A estratégia utilizada pela Câmara para votar duas vezes, na mesma semana, propostas de redução da maioridade penal gerou interpretações divergentes entre dois ex-presidentes do Supremo Tribunal Federal (STF). Enquanto o ministro aposentado Joaquim Barbosa aponta inconstitucionalidade na votação que aprovou a PEC da maioridade penal, o jurista Carlos Velloso, que se aposentou em 2005 da Suprema Corte, avalia que a iniciativa foi legal, na medida em que, segundo ele, se tratavam de textos com teor diferente.
Na madrugada desta quinta (2), os deputados federais aprovaram, em uma sessão polêmica, a proposta de emenda à Constituição que reduz de 18 para 16 anos a idade penal no país. Texto semelhante sobre o mesmo tema havia sido rejeitado pela Câmara no dia anterior.
No entanto, para assegurar a aprovação da PEC, deputados apresentaram uma nova versão, que excluiu da idade penal de 16 anos os crimes de tráfico de drogas, lesão corporal grave e roubo qualificado.
O texto anterior incluía esses três crimes, além de crimes hediondos, homicídio doloso e lesão corporal seguida de morte.
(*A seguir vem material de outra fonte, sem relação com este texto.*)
lemma tau_commute:
  "X \<in> Obj \<Longrightarrow> Y \<in> Obj \<Longrightarrow>
    \<mu> (X \<odot> Y) \<cdot> MF (\<tau> X Y) \<cdot> \<tau>' (MO X) Y = \<mu> (X \<odot> Y) \<cdot> MF (\<tau>' X Y) \<cdot> \<tau> X (MO Y)"
  using commutative_monad unfolding commutative_monad_def by (elim conjE) simp

lemma ltau_type [simp]:
  "X \<in> Obj \<Longrightarrow> Y \<in> Obj \<Longrightarrow> \<tau>' X Y \<in> Arr"
  "X \<in> Obj \<Longrightarrow> Y \<in> Obj \<Longrightarrow> src (\<tau>' X Y) = X \<odot> MO Y"
  "X \<in> Obj \<Longrightarrow> Y \<in> Obj \<Longrightarrow> trg (\<tau>' X Y) = MO (X \<odot> Y)"
  unfolding ltau_def by simp_all

lemma Mm_comp_eq:
  assumes "a \<cdot> b = c" "a \<in> Arr" "b \<in> Arr" "trg b = src a"
  shows "MF a \<cdot> MF b = MF c"
  using assms by (simp flip: Mm_comp)

lemma Mm_comp3_eq:
  assumes "a \<cdot> (b \<cdot> c) = d" "a \<in> Arr" "b \<in> Arr" "c \<in> Arr" "trg b = src a" "trg c = src b"
  shows "MF a \<cdot> (MF b \<cdot> MF c) = MF d"
  using assms by (simp flip: Mm_comp)

lemma ltau_naturality:
  assumes "f \<in> Arr" "g \<in> Arr" "trg f = X" "trg g = Y"
  shows "\<tau>' X Y \<cdot> (f \<otimes> MF g) = MF (f \<otimes> g) \<cdot> \<tau>' (src f) (src g)"
  using assms trg_in_Obj[OF assms(1)] trg_in_Obj[OF assms(2)]
  by (simp add: ltau_def comp_reduce[OF sym_naturality] comp_reduce[OF tau_naturality]
      sym_naturality comp_reduce[OF Mm_comp_eq[OF sym_naturality]])

lemma ltau_naturality_ide: "f \<in> Arr \<Longrightarrow> Y \<in> Obj \<Longrightarrow> trg f = X \<Longrightarrow>
   \<tau>' X Y \<cdot> (f \<otimes> ide (MO Y)) = MF (f \<otimes> ide Y) \<cdot> \<tau>' (src f) Y"
  using ltau_naturality[of f "ide Y" X Y] by simp

lemma ltau_naturality': "f \<in> Arr \<Longrightarrow> g \<in> Arr \<Longrightarrow> src f = X \<Longrightarrow> src g = Y \<Longrightarrow>
   MF (f \<otimes> g) \<cdot> \<tau>' X Y = \<tau>' (trg f) (trg g) \<cdot> (f \<otimes> MF g)"
  using ltau_naturality[of f g "trg f" "trg g"] by simp

lemma ltau_eta:
  assumes "X \<in> Obj" "Y \<in> Obj"
  shows "\<tau>' X Y \<cdot> (ide X \<otimes> \<eta> Y) = \<eta> (X \<odot> Y)"
  using assms
  by (simp add: ltau_def sym_naturality comp_reduce[OF sym_naturality] comp_reduce[OF tau_eta]
      comp_reduce[OF eta_naturality'] eta_naturality')

lemma ltau_mu:
  assumes "X \<in> Obj" "Y \<in> Obj"
  shows "\<tau>' X Y \<cdot> (ide X \<otimes> \<mu> Y) = \<mu> (X \<odot> Y) \<cdot> MF (\<tau>' X Y) \<cdot> \<tau>' X (MO Y)"
  using assms
  by (simp add: ltau_def sym_naturality comp_reduce[OF sym_naturality] comp_reduce[OF tau_mu]
      comp_reduce[OF mu_naturality'] mu_naturality' comp_reduce[OF Mm_comp_eq[OF sym_inverse]])

lemma ltau_mu_comp: "X \<in> Obj \<Longrightarrow> Y \<in> Obj \<Longrightarrow> h \<in> Arr \<Longrightarrow> trg h = X \<odot> MO (MO Y) \<Longrightarrow>
  \<mu> (X \<odot> Y) \<cdot> (MF (\<tau>' X Y) \<cdot> (\<tau>' X (MO Y) \<cdot> h)) = \<tau>' X Y \<cdot> ((ide X \<otimes> \<mu> Y) \<cdot> h)"
  using comp_reduce3[OF ltau_mu[symmetric], of X Y h] by simp

lemma ltau_lunit:
  assumes Y: "Y \<in> Obj"
  shows "MF (\<l> Y) \<cdot> \<tau>' I Y = \<l> (MO Y)"
  using Y by (simp add: ltau_def comp_reduce[OF Mm_comp_eq[OF lunit_sym]] comp_reduce[OF tau_runit]
      runit_sym)

lemma tau_assoc_inv:
  assumes "X \<in> Obj" "Y \<in> Obj" "Z \<in> Obj"
  shows "\<tau> (X \<odot> Y) Z \<cdot> (\<tau> X Y \<otimes> ide Z) = MF (\<alpha>' X Y Z) \<cdot> \<tau> X (Y \<odot> Z) \<cdot> \<alpha> (MO X) Y Z"
proof -
  have l: "MF (\<alpha> X Y Z) \<cdot> (\<tau> (X \<odot> Y) Z \<cdot> (\<tau> X Y \<otimes> ide Z)) = \<tau> X (Y \<odot> Z) \<cdot> \<alpha> (MO X) Y Z"
    using assms by (simp add: tau_assoc)
  have r: "MF (\<alpha> X Y Z) \<cdot> (MF (\<alpha>' X Y Z) \<cdot> \<tau> X (Y \<odot> Z) \<cdot> \<alpha> (MO X) Y Z) =
      \<tau> X (Y \<odot> Z) \<cdot> \<alpha> (MO X) Y Z"
    using assms by (simp add: comp_reduce[OF Mm_comp_eq[OF assoc_comp_inv]])
  from trans[OF l r[symmetric]] show ?thesis
    by (rule cancel_split_mono[where p'="MF (\<alpha>' X Y Z)"])
      (use assms in \<open>simp_all add: Mm_comp_eq[OF assoc_inv_comp]\<close>)
qed

text \<open>The left strength \<open>\<tau>'\<close> is \<open>\<tau>\<close> conjugated by the symmetry, so it inherits the strength laws;
  for associativity the braid identities \<open>sym_reverse3\<close> and \<open>sym_move_front\<close> supply the
  coherence.\<close>

lemma ltau_assoc:
  assumes "X \<in> Obj" "Y \<in> Obj" "Z \<in> Obj"
  shows "MF (\<alpha> X Y Z) \<cdot> \<tau>' (X \<odot> Y) Z = \<tau>' X (Y \<odot> Z) \<cdot> (ide X \<otimes> \<tau>' Y Z) \<cdot> \<alpha> X Y (MO Z)"
  using assms
  by (simp add: ltau_def comp_reduce[OF sym_naturality] comp_reduce[OF tau_naturality]
      comp_reduce[OF tau_assoc_inv] hexagon_dual comp_reduce[OF tau_naturality_ide]
      comp_reduce3[OF Mm_comp3_eq[OF sym_reverse3]]
      comp_reduce[OF Mm_comp_eq[OF whisker_left_eq[OF sym_inverse]]])

lemma tau_ltau_assoc:
  assumes "X \<in> Obj" "Y \<in> Obj" "Z \<in> Obj"
  shows "MF (\<alpha> X Y Z) \<cdot> \<tau> (X \<odot> Y) Z \<cdot> (\<tau>' X Y \<otimes> ide Z) =
      \<tau>' X (Y \<odot> Z) \<cdot> (ide X \<otimes> \<tau> Y Z) \<cdot> \<alpha> X (MO Y) Z"
  using assms
  by (simp add: ltau_def comp_reduce[OF sym_naturality] comp_reduce[OF tau_naturality]
      comp_reduce[OF tau_assoc_inv] hexagon comp_reduce3[OF hexagon]
      comp_reduce[OF tau_naturality_ide]
      comp_reduce3[OF Mm_comp3_eq[OF sym_move_front]])

end

locale sym_em_monoid_on_free_algebra =
  commutative_monad_over_smcc C M for C :: "('o, 'm) smcc" and M :: "('o, 'm) smonad" +
  fixes A :: 'o and m u :: 'm
  assumes A_in_Obj [simp]: "A \<in> Ob C"
    and sym_em_monoid: "sym_em_monoid C M (Mo M A) (mu M A) m u"
begin

abbreviation "MA \<equiv> MO A"
abbreviation "K \<equiv> expo C A MA"
abbreviation "ev_A \<equiv> ev A MA"
abbreviation "q \<equiv> qmap C M A"
abbreviation "w \<equiv> wmap C M A"
abbreviation "kc \<equiv> kcomp C M A"
abbreviation "ki \<equiv> kident C M A"
abbreviation "a_K \<equiv> \<Lambda> (MO K) A MA q"
abbreviation "s \<equiv> m \<cdot> (ide MA \<otimes> \<eta> A)"
abbreviation "Ls \<equiv> \<Lambda> MA A MA s"
abbreviation "ev_ext \<equiv> \<mu> A \<cdot> MF ev_A \<cdot> \<tau>' K A"

lemma mult_type [simp]: "m \<in> Arr" "src m = MA \<odot> MA" "trg m = MA"
  using sym_em_monoid unfolding sym_em_monoid_def hom_def by auto

lemma unit_type [simp]: "u \<in> Arr" "src u = I" "trg u = MA"
  using sym_em_monoid unfolding sym_em_monoid_def hom_def by auto

lemma mult_assoc: "m \<cdot> (m \<otimes> ide MA) = m \<cdot> (ide MA \<otimes> m) \<cdot> \<alpha> MA MA MA"
  using sym_em_monoid unfolding sym_em_monoid_def by blast

lemma mult_unit_left: "m \<cdot> (u \<otimes> ide MA) = \<l> MA"
  using sym_em_monoid unfolding sym_em_monoid_def by blast

lemma mult_unit_right: "m \<cdot> (ide MA \<otimes> u) = \<r> MA"
  using sym_em_monoid unfolding sym_em_monoid_def by blast

lemma mult_compat: "\<mu> A \<cdot> MF m \<cdot> \<mu> (MA \<odot> MA) \<cdot> MF (\<tau>' MA MA) \<cdot> \<tau> MA (MO MA) = m \<cdot> (\<mu> A \<otimes> \<mu> A)"
  using sym_em_monoid unfolding sym_em_monoid_def by blast

lemma qmap_type [simp]: "q \<in> Arr" "src q = MO K \<odot> A" "trg q = MA"
  unfolding qmap_def by simp_all

lemma wmap_type [simp]: "w \<in> Arr" "src w = (K \<odot> K) \<odot> A" "trg w = MA"
  unfolding wmap_def by simp_all

lemma kcomp_type [simp]: "kc \<in> Arr" "src kc = K \<odot> K" "trg kc = K"
  unfolding kcomp_def by simp_all

lemma kident_type [simp]: "ki \<in> Arr" "src ki = I" "trg ki = K"
  unfolding kident_def by simp_all

lemma app_kcomp: "ev_A \<cdot> (kc \<otimes> ide A) = w"
  unfolding kcomp_def by (simp add: app_curry)

lemma mult_mu_right: "m \<cdot> (ide MA \<otimes> \<mu> A) = \<mu> A \<cdot> MF m \<cdot> \<tau>' MA MA"
proof -
  have "m \<cdot> (ide MA \<otimes> \<mu> A) = m \<cdot> ((\<mu> A \<otimes> \<mu> A) \<cdot> (\<eta> MA \<otimes> ide (MO MA)))"
    by (simp add: interchange[symmetric])
  also have "\<dots> = \<mu> A \<cdot> MF m \<cdot> \<tau>' MA MA"
    by (simp add: comp_reduce[OF mult_compat[symmetric]] tau_eta eta_naturality')
  finally show ?thesis .
qed

lemma mult_mu_left: "m \<cdot> (\<mu> A \<otimes> ide MA) = \<mu> A \<cdot> MF m \<cdot> \<tau> MA MA"
proof -
  have "m \<cdot> (\<mu> A \<otimes> ide MA) = m \<cdot> ((\<mu> A \<otimes> \<mu> A) \<cdot> (ide (MO MA) \<otimes> \<eta> MA))"
    by (simp add: interchange[symmetric])
  also have "\<dots> = \<mu> A \<cdot> MF m \<cdot> \<tau> MA MA"
    by (simp add: comp_reduce[OF mult_compat[symmetric]] tau_naturality_ide
        comp_reduce[OF Mm_comp_eq[OF ltau_eta]])
  finally show ?thesis .
qed

lemma ext_s_eq_mult: "\<mu> A \<cdot> (MF m \<cdot> (MF (ide MA \<otimes> \<eta> A) \<cdot> \<tau>' MA A)) = m"
  by (simp add: ltau_naturality' comp_reduce3[OF mult_mu_right[symmetric]] mult_mu_right[symmetric]
      whisker_left_eq[OF mu_Mm_eta])

lemma Ls_algebra_hom: "Ls \<cdot> \<mu> A = a_K \<cdot> MF Ls"
  by (simp add: curry_comp qmap_def interchange_slide[of "\<mu> A"] comp_reduce[OF mult_mu_left]
      tau_naturality_ide tau_naturality comp_reduce[OF Mm_comp_eq[OF app_curry]])

lemma Ls_unit: "Ls \<cdot> u = ki"
  by (simp add: curry_comp kident_def interchange_slide[of u] comp_reduce[OF mult_unit_left]
      lunit_naturality)

lemma Ls_mult: "Ls \<cdot> m = kc \<cdot> (Ls \<otimes> Ls)"
  by (simp add: kcomp_def curry_comp wmap_def interchange_slide[of m] comp_reduce[OF mult_assoc]
      assoc_naturality_ide_left assoc_naturality
      comp_reduce[OF interchange_slide[of Ls]] app_curry comp_reduce[OF ltau_naturality_ide]
      comp_reduce[OF Mm_comp_eq[OF app_curry]] comp_reduce4[OF ext_s_eq_mult])

lemma a_K_eta: "a_K \<cdot> \<eta> K = ide K"
  by (simp add: curry_comp qmap_def tau_eta eta_naturality' curry_app_ide)

lemma a_K_mu: "a_K \<cdot> MF a_K = a_K \<cdot> \<mu> K"
  by (simp add: curry_comp qmap_def tau_naturality comp_reduce[OF Mm_comp_eq[OF app_curry]]
      comp_reduce[OF mu_assoc] tau_mu comp_reduce[OF mu_naturality'])

lemma kcomp_kident_right: "kc \<cdot> (ide K \<otimes> ki) = \<r> K"
proof -
  have "kc \<cdot> (ide K \<otimes> ki) = \<Lambda> (K \<odot> I) A MA (ev_A \<cdot> (\<r> K \<otimes> ide A))"
    by (simp add: kcomp_def kident_def curry_comp wmap_def assoc_naturality
        comp_reduce[OF whisker_left_eq[OF app_curry]] comp_reduce[OF ltau_eta]
        comp_reduce[OF eta_naturality'] triangle)
  also have "\<dots> = \<r> K"
    by (rule curry_app) simp_all
  finally show ?thesis .
qed

lemma kcomp_kident_left: "kc \<cdot> (ki \<otimes> ide K) = \<l> K"
proof -
  have "kc \<cdot> (ki \<otimes> ide K) = \<Lambda> (I \<odot> K) A MA (ev_A \<cdot> (\<l> K \<otimes> ide A))"
    by (simp add: kcomp_def kident_def curry_comp wmap_def assoc_naturality
        comp_reduce[OF interchange_slide[of "\<Lambda> I A MA (\<eta> A \<cdot> \<l> A)"]]
        comp_reduce[OF ltau_naturality_ide] comp_reduce[OF Mm_comp_eq[OF app_curry]]
        comp_reduce[OF ltau_lunit] comp_reduce[OF lunit_naturality] lunit_tensor)
  also have "\<dots> = \<l> K"
    by (rule curry_app) simp_all
  finally show ?thesis .
qed

lemma kcomp_comp: "g \<in> Arr \<Longrightarrow> trg g = K \<odot> K \<Longrightarrow> kc \<cdot> g = \<Lambda> (src g) A MA (w \<cdot> (g \<otimes> ide A))"
  unfolding kcomp_def by (simp add: curry_comp)

abbreviation "triple_comp \<equiv>
  ev_ext \<cdot> (ide K \<otimes> ev_ext) \<cdot> \<alpha> K K MA \<cdot> (ide (K \<odot> K) \<otimes> ev_A) \<cdot> \<alpha> (K \<odot> K) K A"

lemma kcomp_assoc_left: "kc \<cdot> (kc \<otimes> ide K) = \<Lambda> ((K \<odot> K) \<odot> K) A MA triple_comp"
  by (simp add: kcomp_comp wmap_def assoc_naturality comp_reduce[OF interchange_slide[of kc]]
      comp_reduce[OF ltau_naturality_ide] comp_reduce[OF Mm_comp_eq[OF app_kcomp]]
      comp_reduce[OF ltau_assoc] comp_reduce[OF ltau_naturality'[of "ide K" ev_A]]
      comp_reduce[OF mu_assoc] comp_reduce[OF mu_naturality] ltau_mu_comp)

lemma kcomp_assoc_right: "kc \<cdot> (ide K \<otimes> kc) \<cdot> \<alpha> K K K = \<Lambda> ((K \<odot> K) \<odot> K) A MA triple_comp"
  by (simp add: kcomp_comp wmap_def comp_reduce[OF assoc_naturality]
      comp_reduce[OF whisker_left_eq[OF app_kcomp]]
      comp_reduce[OF assoc_naturality'[of "ide K" "ide K" ev_A K K "K \<odot> A"]] pentagon[symmetric])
Derrotados em plenário, deputados do PT e de outros seis partidos decidiram protocolar no início da próxima semana um mandado de segurança no Supremo. Segundo o vice-líder do partido na Câmara, deputado Alessandro Molon (RJ), a ação está sendo elaborada, e os petistas estão em conversas com outras legendas para obter adesões. Em geral, ações desse tipo no STF alegam que houve afronta ao “devido processo legislativo”, conforme previsto pela Constituição.
Contrário à redução da maioridade penal, Joaquim Barbosa afirmou nesta quinta, por meio de sua conta pessoal no microblog Twitter, que a segunda votação da PEC contrariou uma regra da própria Constituição.
“Matéria constante de proposta de emenda rejeitada ou havida por prejudicada não pode ser objeto de nova proposta na mesma sessão legislativa […] O texto acima citado é o artigo 60, parágrafo 5º da Constituição brasileira. Tem tudo a ver com o que se passa neste momento na C. dos Deputados”, escreveu Barbosa na rede social.
Matéria constante de proposta de emenda rejeitada ou havida por prejudicada não pode ser objeto de nova proposta na mesma sessão legislativa. [...] Tem tudo a ver com o que se passa neste momento na C. dos Deputados"
A regra está expressa na Constituição nos seguintes termos: “a matéria constante de proposta de emenda rejeitada ou havida por prejudicada não pode ser objeto de nova proposta na mesma sessão legislativa”. A sessão legislativa corresponde ao período de atividade normal do Congresso a cada ano, de 2 de fevereiro a 17 de julho e de 1º de agosto a 22 de dezembro.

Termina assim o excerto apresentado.